§ What you will do: From the line with "(auto simp: y_def)" to the line with "define e where", retype every line exactly, including those two, and leave out the rest of the data below.
·····
(* In the Mahi-Mahi protocol with wave length $w=5$, in the asynchronous network model, the Validity property of Byzantine Atomic Broadcast holds: if an honest validator $v_k$ calls $\mathrm{bcast}_k(m,q)$, then every honest validator $v_i$ eventually outputs $\mathrm{deliver}_i(m,q,v_k)$, with probability $1$.
   Context: Model: $n=3f+1$ validators, up to $f$ Byzantine (arbitrary behaviour, computationally bounded adversary), the rest honest; asynchronous network where messages between honest validators are eventually delivered with arbitrary delay (the adversary controls the schedule). Validators broadcast via $\mathrm{bcast}_k(m,q)$ and output $\mathrm{deliver}_i(m,q,v_k)$; in Mahi-Mahi the broadcast messages are the blocks honest validators create. Protocol (Mahi-Mahi). Rounds $1,2,\dots$; each honest validator creates and broadcasts exactly one block per round; Byzantine validators may create several or none. A block has an author, a round $r$, transactions, parents (hashes of distinct valid blocks of earlier rounds, including at least $2f+1$ of round $r-1$) and a share of a global perfect coin (any $2f+1$ shares reconstruct a uniformly random, unpredictable value). Each validator keeps a local DAG of valid blocks, adding a block once it holds its causal history (transitive closure of parents, including itself); honest validators reference blocks in their local DAG and fetch missing referenced blocks from the sender. Path from $b$ to $b'$: $b'$ is reached from $b$ along parent references. Vote: a block $b$ of round $r'$ votes for a block $L$ of round $r<r'$ with author $a$ if the first block of author $a$ and round $r$ met in the deterministic depth-first search from $b$ is $L$. With $w=5$: for proposal round $r$, vote round $r+3$, certify round $r+4$; a block $c$ of round $r+4$ is a certificate for $L$ of round $r$ if at least $2f+1$ of its parents are votes for $L$. Leader slots of round $r$: the coin of round $r+4$ selects uniformly at random an ordered list of $\ell$ distinct validators ($1\le\ell\le 3f+1$); slots ordered by round then coin order. Classification of each slot (commit of a block / skip / undecided), highest slot first: direct rule — for a block $L$ in the slot, $2f+1$ round-$(r+3)$ blocks that are not votes for $L$ give skip, $2f+1$ round-$(r+4)$ certificates for $L$ give commit of $L$; otherwise indirect rule — the anchor is the first slot of round $>r+4$ not skipped; if it is committed with block $A$, commit $L$ if $A$ has a path to a certificate for some block $L$ of the slot, else skip; if the anchor is undecided, the slot is undecided. Delivery: in slot order, up to the first undecided slot, for each committed leader block deliver deterministically all not-yet-delivered blocks of its causal history. *)

theory Defs
  imports "HOL-Probability.Probability"
begin
text \<open>
  If \<open>v\<^sup>TAv = 0\<close>, the quadratic form at \<open>v - \<epsilon>Av\<close> is \<open>\<epsilon>\<^sup>2(Av)\<^sup>TA(Av) - 2\<epsilon>|Av|\<^sup>2\<close>, which is
  negative for small \<open>\<epsilon> > 0\<close> unless \<open>Av = 0\<close>.
\<close>
lemma psd_mat_quadratic_form_eq_0:
  assumes psd: "psd_mat A" and A: "A \<in> carrier_mat n n"
    and v: "v \<in> carrier_vec n" and v0: "v \<bullet> (A *\<^sub>v v) = 0"
  shows "A *\<^sub>v v = 0\<^sub>v n"
proof -
  define y where "y = A *\<^sub>v v"
  have y: "y \<in> carrier_vec n" and Ay: "A *\<^sub>v y \<in> carrier_vec n" using A v by (auto simp: y_def)
  have sym: "transpose_mat A = A" and nonneg: "\<And>x. x \<in> carrier_vec n \<Longrightarrow> 0 \<le> x \<bullet> (A *\<^sub>v x)"
    using psd A by (auto simp: psd_mat_def)
  define Y where "Y = y \<bullet> y"
  define Q where "Q = y \<bullet> (A *\<^sub>v y)"
  have form: "(v - e \<cdot>\<^sub>v y) \<bullet> (A *\<^sub>v (v - e \<cdot>\<^sub>v y)) = e * e * Q - 2 * e * Y" for e
  proof -
    have ey: "e \<cdot>\<^sub>v y \<in> carrier_vec n" using y by simp
    have "A *\<^sub>v (v - e \<cdot>\<^sub>v y) = y - e \<cdot>\<^sub>v (A *\<^sub>v y)"
      using mult_minus_distrib_mat_vec[OF A v ey] mult_mat_vec[OF A y] y_def by simp
    moreover have "v \<bullet> (A *\<^sub>v y) = y \<bullet> y" using quadratic_form_sym[OF A sym v y] y_def by simp
    moreover have "v \<bullet> y = 0" using v0 y_def by simp
    ultimately show ?thesis using v y Ay ey
      by (simp add: minus_scalar_prod_distrib[of _ n] scalar_prod_minus_distrib[of _ n]
          algebra_simps Q_def Y_def)
  qed
  have "Y = 0"
  proof (rule ccontr)
    assume "Y \<noteq> 0"
    then have Y: "Y > 0" using scalar_prod_self_nonneg[of y] by (simp add: Y_def)
    have Q: "Q \<ge> 0" using nonneg[OF y] by (simp add: Q_def)
    define e where "e = Y / (Q + 1)"
    have e: "e > 0" and "e * Q < Y" using Y Q by (simp_all add: e_def field_simps)
    then have "e * (e * Q) < e * (2 * Y)" using Y by simp
    then have "e * e * Q - 2 * e * Y < 0" by (simp add: algebra_simps)
    with form[of e] nonneg[of "v - e \<cdot>\<^sub>v y"] v y show False by simp
  qed
  then show ?thesis using scalar_prod_self_eq_0_iff[OF y] by (simp add: Y_def y_def)
qed
(* Let $G$ be a cubic graph, let $H$ be a hexagon graph of $G$, and let $W$ be the set of white edges of $H$. For every blue perfect matching $M$ of $H$, the set $M\cup W$ ($=M\,\Delta\, W$) is a disjoint union of cycles, and there is an embedding of $G$ on a closed orientable surface whose set of face boundaries is exactly the set of subgraphs of $G$ induced by the cycles of $M\Delta W$. Here the subgraph of $G$ induced by a cycle $C$ of $M\Delta W$ is the subgraph with edge set $\{uv\in E(G): e_{uv}\in C \text{ or } \bar e_{uv}\in C\}$. Conversely, every embedding of $G$ on a closed orientable surface (equivalently, every rotation system of $G$) arises in this way from some blue perfect matching of $H$.
   Context: Hexagon graph. A hexagon is a copy of $K_{3,3}$. Let $G=(V,E)$ be a cubic graph. A hexagon graph $H$ of $G$ is built as follows. (1) Replace each $v\in V$ by a hexagon $h_v$ on vertex set $\{v_i: i\in\mathbb{Z}_6\}$ with edge set $\{v_iv_{i+1}, v_iv_{i+3}: i\in\mathbb{Z}_6\}$, the hexagons being pairwise vertex-disjoint. (2) For each $v$ with $N_G(v)=\{u,w,z\}$, assign to the neighbours pairwise distinct indices $i_{v(u)},i_{v(w)},i_{v(z)}\in\{0,1,2\}\subset\mathbb{Z}_6$. (3) Let $X=\bigcup_v\{v_{2i}\}$ and $Y=\bigcup_v\{v_{2i+1}\}$. Replace each edge $uv\in E$ by two disjoint edges $e_{uv},\bar e_{uv}$: if $v_{i_{v(u)}}$ and $u_{i_{u(v)}}$ both lie in $X$ or both lie in $Y$, put $e_{uv}=v_{i_{v(u)}}u_{i_{u(v)}+3}$, $\bar e_{uv}=v_{i_{v(u)}+3}u_{i_{u(v)}}$; otherwise $e_{uv}=v_{i_{v(u)}}u_{i_{u(v)}}$, $\bar e_{uv}=v_{i_{v(u)}+3}u_{i_{u(v)}+3}$. The edges $v_iv_{i+3}$ are red, the edges $v_iv_{i+1}$ are blue, and the edges $e_{uv},\bar e_{uv}$ are white. A blue perfect matching of $H$ is a perfect matching consisting only of blue edges. Rotation system. A rotation system of a graph $G$ is a collection $\{\pi_v: v\in V(G)\}$ where $\pi_v$ is a cyclic permutation of the edges incident with $v$; it determines an embedding of $G$ on a closed orientable surface whose face boundaries are the closed walks $e_1e_2\cdots e_k$ with $e_i=v^iv^{i+1}$, $\pi_{v^{i+1}}(e_i)=e_{i+1}$, $e_{k+1}=e_1$, $k$ minimal. *)

theory Defs
  imports Main
begin

definition nbrs :: "'a set set \<Rightarrow> 'a \<Rightarrow> 'a set" where
  "nbrs E v = {u. {u, v} \<in> E}"

definition cubic_graph :: "'a set \<Rightarrow> 'a set set \<Rightarrow> bool" where
  "cubic_graph V E \<longleftrightarrow> finite V
     \<and> (\<forall>e\<in>E. \<exists>u v. e = {u, v} \<and> u \<noteq> v \<and> u \<in> V \<and> v \<in> V)
     \<and> (\<forall>v\<in>V. card (nbrs E v) = 3)"

text \<open>Vertex v_i of the hexagon h_v is the pair (v, i) with i in {0..5} representing Z_6.
  The index assignment i_{v(u)} is idx v u; for each v it must map the three neighbours
  of v bijectively onto {0,1,2}.\<close>
definition hexagon_labelling :: "'a set \<Rightarrow> 'a set set \<Rightarrow> ('a \<Rightarrow> 'a \<Rightarrow> nat) \<Rightarrow> bool" where
  "hexagon_labelling V E idx \<longleftrightarrow> (\<forall>v\<in>V. bij_betw (idx v) (nbrs E v) {0, 1, 2})"

definition hex_vertices :: "'a set \<Rightarrow> ('a \<times> nat) set" where
  "hex_vertices V = V \<times> {..<6}"

definition red_edges :: "'a set \<Rightarrow> ('a \<times> nat) set set" where
  "red_edges V = {{(v, i), (v, (i + 3) mod 6)} | v i. v \<in> V \<and> i < 6}"

definition blue_edges :: "'a set \<Rightarrow> ('a \<times> nat) set set" where
  "blue_edges V = {{(v, i), (v, (i + 1) mod 6)} | v i. v \<in> V \<and> i < 6}"

text \<open>The white edges e_{uv} and bar e_{uv} replacing the edge uv of G (oriented from v to u as
  in the paper). X = vertices with even index, Y = vertices with odd index.\<close>
definition white_e :: "('a \<Rightarrow> 'a \<Rightarrow> nat) \<Rightarrow> 'a \<Rightarrow> 'a \<Rightarrow> ('a \<times> nat) set" where
  "white_e idx u v =
     (if even (idx v u) = even (idx u v)
      then {(v, idx v u), (u, (idx u v + 3) mod 6)}
      else {(v, idx v u), (u, idx u v)})"

definition white_ebar :: "('a \<Rightarrow> 'a \<Rightarrow> nat) \<Rightarrow> 'a \<Rightarrow> 'a \<Rightarrow> ('a \<times> nat) set" where
  "white_ebar idx u v =
     (if even (idx v u) = even (idx u v)
      then {(v, (idx v u + 3) mod 6), (u, idx u v)}
      else {(v, (idx v u + 3) mod 6), (u, (idx u v + 3) mod 6)})"

definition white_edges :: "'a set set \<Rightarrow> ('a \<Rightarrow> 'a \<Rightarrow> nat) \<Rightarrow> ('a \<times> nat) set set" where
  "white_edges E idx = {f | f u v. {u, v} \<in> E \<and> (f = white_e idx u v \<or> f = white_ebar idx u v)}"

definition hexagon_graph_edges :: "'a set \<Rightarrow> 'a set set \<Rightarrow> ('a \<Rightarrow> 'a \<Rightarrow> nat) \<Rightarrow> ('a \<times> nat) set set" where
  "hexagon_graph_edges V E idx = red_edges V \<union> blue_edges V \<union> white_edges E idx"

definition blue_perfect_matching ::
  "'a set \<Rightarrow> 'a set set \<Rightarrow> ('a \<Rightarrow> 'a \<Rightarrow> nat) \<Rightarrow> ('a \<times> nat) set set \<Rightarrow> bool" where
  "blue_perfect_matching V E idx M \<longleftrightarrow>
     M \<subseteq> hexagon_graph_edges V E idx \<and> M \<subseteq> blue_edges V
     \<and> (\<forall>x\<in>hex_vertices V. \<exists>!e. e \<in> M \<and> x \<in> e)"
·····
§ Task response:
  have y: "y \<in> carrier_vec n" and Ay: "A *\<^sub>v y \<in> carrier_vec n" using A v by (auto simp: y_def)
  have sym: "transpose_mat A = A" and nonneg: "\<And>x. x \<in> carrier_vec n \<Longrightarrow> 0 \<le> x \<bullet> (A *\<^sub>v x)"
    using psd A by (auto simp: psd_mat_def)
  define Y where "Y = y \<bullet> y"
  define Q where "Q = y \<bullet> (A *\<^sub>v y)"
  have form: "(v - e \<cdot>\<^sub>v y) \<bullet> (A *\<^sub>v (v - e \<cdot>\<^sub>v y)) = e * e * Q - 2 * e * Y" for e
  proof -
    have ey: "e \<cdot>\<^sub>v y \<in> carrier_vec n" using y by simp
    have "A *\<^sub>v (v - e \<cdot>\<^sub>v y) = y - e \<cdot>\<^sub>v (A *\<^sub>v y)"
      using mult_minus_distrib_mat_vec[OF A v ey] mult_mat_vec[OF A y] y_def by simp
    moreover have "v \<bullet> (A *\<^sub>v y) = y \<bullet> y" using quadratic_form_sym[OF A sym v y] y_def by simp
    moreover have "v \<bullet> y = 0" using v0 y_def by simp
    ultimately show ?thesis using v y Ay ey
      by (simp add: minus_scalar_prod_distrib[of _ n] scalar_prod_minus_distrib[of _ n]
          algebra_simps Q_def Y_def)
  qed
  have "Y = 0"
  proof (rule ccontr)
    assume "Y \<noteq> 0"
    then have Y: "Y > 0" using scalar_prod_self_nonneg[of y] by (simp add: Y_def)
    have Q: "Q \<ge> 0" using nonneg[OF y] by (simp add: Q_def)
    define e where "e = Y / (Q + 1)"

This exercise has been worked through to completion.